An important benchmark in the field of artificial intelligence, ARC-AGI, which stands for "Artificial General Intelligence Abstraction and Reasoning Corpus," is about to achieve breakthrough progress. However, the test's founder, Francois Chollet, warns that despite improvements in scores, this does not mean we are closer to achieving Artificial General Intelligence (AGI). He points out that the test itself has design flaws and that what it reveals does not represent a genuine research breakthrough.

Since Chollet launched ARC-AGI in 2019, AI systems have consistently performed poorly on the test. To date, the best-performing system has only managed to solve less than one-third of the tasks. Chollet attributes this mainly to the current AI research being overly reliant on large language models (LLMs). He notes that while LLMs can recognize patterns when handling large-scale data, they depend on memory rather than reasoning, making it difficult for them to deal with unseen new situations or engage in true "reasoning."

"LLM models rely on extracting patterns from training data rather than performing independent reasoning. They merely 'remember' patterns instead of generating new inferences," Chollet explained in a series of posts on the social platform X.

QQ20241210-104353.png

Nonetheless, Chollet has not stopped promoting AI research. He and Zapier founder Mike Knoop jointly launched a $1 million competition in June of this year to encourage open-source AI to challenge the ARC-AGI benchmark. Although the best-performing AI system out of 17,789 entries only scored 55.5%, below the 85% standard required to achieve "human-level" performance, Chollet and Knoop still view this as an important step forward.

Knoop noted in a blog post that this score does not mean we are closer to achieving AGI; rather, it highlights that some tasks in ARC-AGI overly rely on "brute force" solutions, which may not provide effective signals for true general intelligence. The original intention of ARC-AGI's design was to test AI's generalization capabilities by providing complex, unseen tasks, yet it remains uncertain whether these tasks can effectively assess AGI.

AI, Artificial Intelligence, Robots

Image Source Note: Image generated by AI, image licensed from service provider Midjourney

The tasks in the ARC-AGI benchmark include challenges like puzzle problems that require AI to infer unknown answers based on known information. Although these tasks seem capable of pushing AI to adapt to new situations, results indicate that existing models appear to find solutions through extensive calculations rather than demonstrating true intelligent adaptability.

Additionally, the creators of ARC-AGI face criticism from peers, particularly regarding the ambiguity in defining AGI. A recent statement from an OpenAI employee suggested that if AGI is defined as "AI that performs better than most humans on most tasks," then AGI has already been achieved.
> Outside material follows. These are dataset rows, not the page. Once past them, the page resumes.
lemma harm_divide_Suc_le:
  assumes "m \<ge> 2"
  shows "harm m / real (Suc m) \<le> harm (m - 1) / (real m :: real)"
proof -
  define h where "h = (harm (m - 1) :: real)"
  have "harm 1 \<le> h" using assms by (simp add: h_def harm_mono)
  moreover have "harm 1 = (1 :: real)" by (simp add: harm_def)
  ultimately have "1 \<le> h" by simp
  have m: "real m > 0" using assms by simp
  have harm_m: "harm m = h + 1 / real m"
    using harm_Suc[of "m - 1"] assms by (simp add: h_def inverse_eq_divide)
  have "harm m / real (Suc m) = (h * real m + 1) / (real m * (real m + 1))"
    unfolding harm_m using m by (simp add: field_simps)
  also have "\<dots> \<le> (h * real m + h) / (real m * (real m + 1))"
    using \<open>1 \<le> h\<close> m by (intro divide_right_mono) auto
  also have "\<dots> = (h * (real m + 1)) / (real m * (real m + 1))"
    by (simp add: algebra_simps)
  also have "\<dots> = h / real m"
    using m by (intro mult_divide_mult_cancel_right) auto
  finally show ?thesis by (simp add: h_def)
qed

lemma abs_harm_minus_ln_le:
  assumes "n \<ge> 1"
  shows "\<bar>harm n - (ln (real n) + euler_mascheroni)\<bar> \<le> 2 / real n"
proof -
  have "ln (real (Suc n)) - ln (real n) = ln (real (Suc n) / real n)"
    using assms by (simp add: ln_div)
  also have "\<dots> = ln (1 + 1 / real n)"
    using assms by (simp add: field_simps)
  also have "\<dots> \<le> 1 / real n" by (rule ln_add_one_self_le_self) simp
  finally have "ln (real (Suc n)) - ln (real n) \<le> 1 / real n" .
  moreover have "0 \<le> ln (real (Suc n)) - ln (real n)" using assms by simp
  moreover have "inverse (real (2 * n)) \<le> 1 / real n" using assms by (simp add: field_simps)
  moreover have "1 / real n \<le> 2 / real n" using assms by (simp add: divide_right_mono)
  ultimately show ?thesis
    using euler_mascheroni_bounds[OF assms] inverse_nonnegative_iff_nonnegative[of "real (2 * (n + 1))"]
    unfolding atLeastAtMost_iff abs_le_iff by linarith
qed

lemma harm_minus_ln_LIMSEQ: "(\<lambda>n. harm n - (ln (real n) + euler_mascheroni)) \<longlonglongrightarrow> (0 :: real)"
  using tendsto_diff[OF euler_mascheroni_LIMSEQ tendsto_const[of euler_mascheroni]]
  by (simp add: algebra_simps)

lemma harm_squared_minus_ln_squared_LIMSEQ:
  "(\<lambda>n. (harm n)\<^sup>2 - (ln (real n) + euler_mascheroni)\<^sup>2) \<longlonglongrightarrow> (0 :: real)"
proof (rule Lim_null_comparison)
  define g where "g n = 4 * (1 + euler_mascheroni) * (1 / real n) + 4 * (ln (real n) / real n)" for n
  have "g \<longlonglongrightarrow> 4 * (1 + euler_mascheroni) * 0 + 4 * 0"
    unfolding g_def by (intro tendsto_intros lim_const_over_n lim_ln_over_n)
  then show "g \<longlonglongrightarrow> 0" by simp
  show "\<forall>\<^sub>F n in sequentially. norm ((harm n)\<^sup>2 - (ln (real n) + euler_mascheroni)\<^sup>2) \<le> g n"
    unfolding eventually_sequentially
  proof (intro exI[of _ 1] allI impI)
    fix n :: nat assume "n \<ge> 1"
    define H L where "H = (harm n :: real)" and "L = ln (real n) + euler_mascheroni"
    have HL: "\<bar>H - L\<bar> \<le> 2 / real n" using abs_harm_minus_ln_le[OF \<open>n \<ge> 1\<close>] by (simp add: H_def L_def)
    have "0 \<le> L" using \<open>n \<ge> 1\<close> euler_mascheroni_pos by (simp add: L_def)
    moreover have "2 / real n \<le> 2" using \<open>n \<ge> 1\<close> by (simp add: divide_le_eq)
    ultimately have "\<bar>H + L\<bar> \<le> 2 + 2 * L" using HL by linarith
    have "\<bar>H\<^sup>2 - L\<^sup>2\<bar> = \<bar>H - L\<bar> * \<bar>H + L\<bar>"
      by (simp add: power2_eq_square algebra_simps flip: abs_mult)
    also have "\<dots> \<le> 2 / real n * (2 + 2 * L)"
      using HL \<open>\<bar>H + L\<bar> \<le> 2 + 2 * L\<close> by (intro mult_mono) auto
    also have "\<dots> = g n" by (simp add: g_def L_def algebra_simps add_divide_distrib)
    finally show "norm ((harm n)\<^sup>2 - (ln (real n) + euler_mascheroni)\<^sup>2) \<le> g n"
      by (simp add: H_def L_def)
  qed
qed

section \<open>Convergence with error O(1 / sqrt n)\<close>

(* Convergence of K alone does not make sum_n (K (n - 1) - kappa) / n converge; the rate does. *)
definition converges_sqrt_rate :: "(nat \<Rightarrow> real) \<Rightarrow> real \<Rightarrow> bool" where
  "converges_sqrt_rate S \<sigma> \<longleftrightarrow> (\<exists>C. \<forall>n. \<bar>S n - \<sigma>\<bar> \<le> C / sqrt (real n + 1))"

lemma tendsto_divide_sqrt_Suc: "(\<lambda>n. C / sqrt (real n + 1)) \<longlonglongrightarrow> 0"
proof -
  have "filterlim (\<lambda>n. 1 + real n) at_top sequentially"
    by (rule filterlim_tendsto_add_at_top[OF tendsto_const filterlim_real_sequentially])
  then have "filterlim (\<lambda>n. sqrt (real n + 1)) at_top sequentially"
    by (intro filterlim_compose[OF sqrt_at_top]) (simp add: add.commute)
  then show ?thesis
    by (intro tendsto_divide_0[OF tendsto_const] filterlim_at_top_imp_at_infinity)
qed

lemma converges_sqrt_rate_LIMSEQ: "converges_sqrt_rate S \<sigma> \<Longrightarrow> S \<longlonglongrightarrow> \<sigma>"
proof -
  assume "converges_sqrt_rate S \<sigma>"
  then obtain C where C: "\<And>n. \<bar>S n - \<sigma>\<bar> \<le> C / sqrt (real n + 1)"
    by (auto simp: converges_sqrt_rate_def)
  have "(\<lambda>n. S n - \<sigma>) \<longlonglongrightarrow> 0"
    by (rule Lim_null_comparison[OF _ tendsto_divide_sqrt_Suc[of C]]) (use C in auto)
  then show "S \<longlonglongrightarrow> \<sigma>" by (simp add: LIM_zero_iff)
qed

lemma converges_sqrt_rate_const: "converges_sqrt_rate (\<lambda>_. c) c"
  by (auto simp: converges_sqrt_rate_def intro!: exI[of _ 0])

lemma Cauchy_if_sqrt_tail_bound:
  assumes bound: "\<And>n N. 1 \<le> n \<Longrightarrow> n \<le> N \<Longrightarrow> \<bar>S N - S n\<bar> \<le> C / sqrt (real n + 1)"
  shows "Cauchy S"
proof (rule CauchyI)
  fix e :: real assume "e > 0"
  then obtain M0 where M0: "\<And>n. n \<ge> M0 \<Longrightarrow> \<bar>C / sqrt (real n + 1)\<bar> < e / 2"
    using LIMSEQ_D[OF tendsto_divide_sqrt_Suc, of "e / 2"] by auto
  define M where "M = max 1 M0"
  show "\<exists>M. \<forall>m\<ge>M. \<forall>n\<ge>M. norm (S m - S n) < e"
  proof (intro exI allI impI)
    fix m n assume "M \<le> m" "M \<le> n"
    then have "\<bar>S m - S M\<bar> \<le> C / sqrt (real M + 1)" "\<bar>S n - S M\<bar> \<le> C / sqrt (real M + 1)"
      using bound[of M] by (auto simp: M_def)
    moreover have "C / sqrt (real M + 1) < e / 2"
      using M0[of M] by (auto simp only: M_def max.cobounded2 abs_less_iff)
    ultimately show "norm (S m - S n) < e"
      unfolding real_norm_def by arith
  qed
qed

lemma converges_sqrt_rate_if_tail_bound:
  assumes bound: "\<And>n N. 1 \<le> n \<Longrightarrow> n \<le> N \<Longrightarrow> \<bar>S N - S n\<bar> \<le> C / sqrt (real n + 1)"
  shows "\<exists>\<sigma>. converges_sqrt_rate S \<sigma>"
proof -
  obtain \<sigma> where lim: "S \<longlonglongrightarrow> \<sigma>"
    using Cauchy_if_sqrt_tail_bound[OF bound] by (auto simp: Cauchy_convergent_iff convergent_def)
  have tail: "\<bar>S n - \<sigma>\<bar> \<le> C / sqrt (real n + 1)" if "n \<ge> 1" for n
  proof -
    have "(\<lambda>N. \<bar>S N - S n\<bar>) \<longlonglongrightarrow> \<bar>\<sigma> - S n\<bar>"
      by (intro tendsto_intros lim)
    moreover have "\<forall>\<^sub>F N in sequentially. \<bar>S N - S n\<bar> \<le> C / sqrt (real n + 1)"
      using bound that by (auto simp: eventually_sequentially)
    ultimately have "\<bar>\<sigma> - S n\<bar> \<le> C / sqrt (real n + 1)"
      by (rule tendsto_upperbound) simp
    then show ?thesis by (simp add: abs_minus_commute)
  qed
  define C' where "C' = max C \<bar>S 0 - \<sigma>\<bar>"
  have "\<bar>S n - \<sigma>\<bar> \<le> C' / sqrt (real n + 1)" for n
  proof (cases "n = 0")
    case False
    then have "\<bar>S n - \<sigma>\<bar> \<le> C / sqrt (real n + 1)" using tail by simp
    also have "\<dots> \<le> C' / sqrt (real n + 1)" by (intro divide_right_mono) (auto simp: C'_def)
    finally show ?thesis .
  qed (simp add: C'_def)
  then show ?thesis
    unfolding converges_sqrt_rate_def by blast
qed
However, Chollet and Knoop believe that the current design of the ARC-AGI benchmark has not fully met this goal.

Looking ahead, Chollet and Knoop plan to release a second generation of the ARC-AGI benchmark and hold a new competition in 2025 to address the shortcomings of the current test. They stated that the new benchmark will focus more on advancing AI research in more significant directions, accelerating the process towards achieving AGI.

However, fixing the existing benchmark is no easy task. The efforts of Chollet and Knoop demonstrate that defining intelligence in artificial intelligence, especially in the realm of general intelligence, remains a daunting and complex challenge.